Starting Workers

Note

Select a provider if you have not already.

The next step in defining a Provider is configuring how to start Parsl on newly-acquired resources. Starting Parsl occurs in two steps, each with their own Provider option:

  1. Defining how to connect to each new compute node (launcher)

  2. Defining how to initialize the computational information (worker_init)

Selecting a Launcher

Parsl uses Launchers to start workers on every node acquired by a Provider. Launchers are required when requesting more than one node per batch job from a cluster scheduler.

Parsl will use the same mechanism employed for launching MPI tasks across compute nodes. Consult the documentation or example scripts for a compute cluster to find how to launch MPI tasks, and then find the launcher script which matches.

No options are required in most cases. Simply import the Launcher class and provide an instance of the launcher to the launcher option of the Provider.

config = Config(
 executors=[
          ...
               provider=SlurmProvider(
                    ...
                    launcher=SrunLauncher(),
                    ...
               ),
          )
     ],
)

For example, the Polaris supercomputer at ALCF suggests to use mpiexec to start jobs and Parsl will use the MpiExecLauncher.

Advanced: Configuring a Launcher

Common cases for configuring a launcher include:

  1. Defining binding between the Parsl processes and available cores of the computer, as when using Parsl on the Aurora supercomputer.

  2. Launching Parsl inside of Shifter containers by prepending the command to start Parsl with the WrappedLauncher.

Worker Initialization

The worker_init argument of all Providers accepts a script for readying a newly-acquired node to run Parsl.
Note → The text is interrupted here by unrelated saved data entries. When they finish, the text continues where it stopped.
lemma yao_yao_dual_rel_interior:
  assumes "yao_yao E P 0" "A \<in> P" "B \<in> P"
    and "y \<in> rel_interior_in E (dual_cone A)" "y \<in> rel_interior_in E (dual_cone B)"
  shows "dual_cone A = dual_cone B"
  using assms
proof (induction E P "0::'a::euclidean_space" arbitrary: A B y rule: yao_yao.induct)
  case base
  then show ?case by simp
next
  case (step E F v Pm Pp)
  note sub = yao_yao_step_subspaces[OF step.hyps(8,1,4,6,7)]
  have same_side: "dual_cone (ray_plus A u) = dual_cone (ray_plus B u)"
    if P: "yao_yao F P 0" and AB: "A \<in> P" "B \<in> P"
      and IH: "\<And>A B z. A \<in> P \<Longrightarrow> B \<in> P \<Longrightarrow> z \<in> rel_interior_in F (dual_cone A) \<Longrightarrow>
                  z \<in> rel_interior_in F (dual_cone B) \<Longrightarrow> dual_cone A = dual_cone B"
      and y: "y \<in> rel_interior_in E (dual_cone (ray_plus A u))"
        "y \<in> rel_interior_in E (dual_cone (ray_plus B u))"
    for P A B u y
  proof -
    obtain z w where zw: "z \<in> F" "w \<in> F\<^sup>\<bottom>" "y = z + w"
      using orthogonal_comp_decomp[OF sub(1)] .
    have project: "z \<in> rel_interior_in F (dual_cone C)"
      if "C \<in> P" "y \<in> rel_interior_in E (dual_cone (ray_plus C u))" for C
    proof -
      have "y \<in> rel_interior_in E (dual_cone C)"
        using that(2) rel_interior_in_mono[OF dual_cone_antimono[OF subset_ray_plus]] by blast
      then show ?thesis
        using rel_interior_in_dual_cone_project[OF sub(2) \<open>F \<subseteq> E\<close> _ zw(1,2)] zw(3)
          yao_yao_subspace(2)[OF P \<open>C \<in> P\<close>] by blast
    qed
    have "dual_cone A = dual_cone B"
      using IH[OF AB project[OF AB(1) y(1)] project[OF AB(2) y(2)]] .
    then show ?thesis
      using dual_cone_ray_plus yao_yao_subspace(2)[OF P] AB by metis
  qed
  have opposite_sides: False
    if "A \<in> Pm" "B \<in> Pp"
      and "y \<in> rel_interior_in E (dual_cone (ray_plus A (- v)))"
      and "y \<in> rel_interior_in E (dual_cone (ray_plus B v))"
    for A B y
  proof -
    have "0 < (- v) \<bullet> y"
      using inner_pos_if_rel_interior_in_dual_ray[OF sub(2) _ _ _ that(3)] sub(3,5)
        yao_yao_subspace(2)[OF step.hyps(8) that(1)] subspace_neg[OF sub(2)] by simp
    moreover have "0 < v \<bullet> y"
      using inner_pos_if_rel_interior_in_dual_ray[OF sub(2) _ _ _ that(4)] sub(3,5)
        yao_yao_subspace(2)[OF step.hyps(10) that(2)] by simp
    ultimately show False
      by simp
  qed
  consider
      (minus) A' B' where "A' \<in> Pm" "B' \<in> Pm" "A = ray_plus A' (- v)" "B = ray_plus B' (- v)"
    | (plus) A' B' where "A' \<in> Pp" "B' \<in> Pp" "A = ray_plus A' v" "B = ray_plus B' v"
    | (minus_plus) A' B' where "A' \<in> Pm" "B' \<in> Pp" "A = ray_plus A' (- v)" "B = ray_plus B' v"
    | (plus_minus) A' B' where "A' \<in> Pp" "B' \<in> Pm" "A = ray_plus A' v" "B = ray_plus B' (- v)"
    using step.prems(1,2) unfolding yao_yao_step_cells by blast
  then show ?case
  proof cases
    case minus
    then show ?thesis
      using same_side[OF step.hyps(8) minus(1,2) step.hyps(9)] step.prems(3,4) by simp
  next
    case plus
    then show ?thesis
      using same_side[OF step.hyps(10) plus(1,2) step.hyps(11)] step.prems(3,4) by simp
  next
    case minus_plus
    then show ?thesis
      using opposite_sides[OF minus_plus(1,2)] step.prems(3,4) by blast
  next
    case plus_minus
    then show ?thesis
      using opposite_sides[OF plus_minus(2,1)] step.prems(3,4) by blast
  qed
qed
lemma scaled_variance_double_star_witness:
  "scaled_variance double_star_witness
     = real CARD('n) * (146 + 36 * (real CARD('n) - 5)) - (6 + 6 * (real CARD('n) - 5))\<^sup>2"
proof -
  have "double_star_witness $ j = 6" if "j \<in> UNIV - {u1, u2, u3, h1, h2}" for j
    using that by (simp add: double_star_witness_def)
  moreover have "double_star_witness $ u1 = 0" "double_star_witness $ u2 = 0" "double_star_witness $ u3 = 0"
    "double_star_witness $ h1 = -5" "double_star_witness $ h2 = 11"
    using distinct by (auto simp: double_star_witness_def)
  ultimately show ?thesis
    unfolding scaled_variance_def sum_UNIV_double_star
    by (simp add: card_double_star_rest power2_eq_square algebra_simps)
qed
Worker initialization commands typically perform tasks such as:

  1. Activating the Python virtual environment which contains Parsl

  2. Loading modules and setting environment variables of codes invoked by Parsl Apps

  3. Launching services required for proper execution (e.g., port forwarding, NVIDIA MPS Daemons)

Most worker_init scripts activate a virtual environment then check that the proper version of Python is available.

config = Config(
     executors=[
          ...
               provider=SlurmProvider(
                    ...
                    worker_init="conda activate /path/to/conda/env; which python"
                    ...
               ),
          )
     ],
)

Note

Consider including commands which print information about a node (e.g., hostname) or the computational environment (e.g., echo $PATH) as part of the worker init to aid determining where Parsl is running or whether the init function created the desired environment.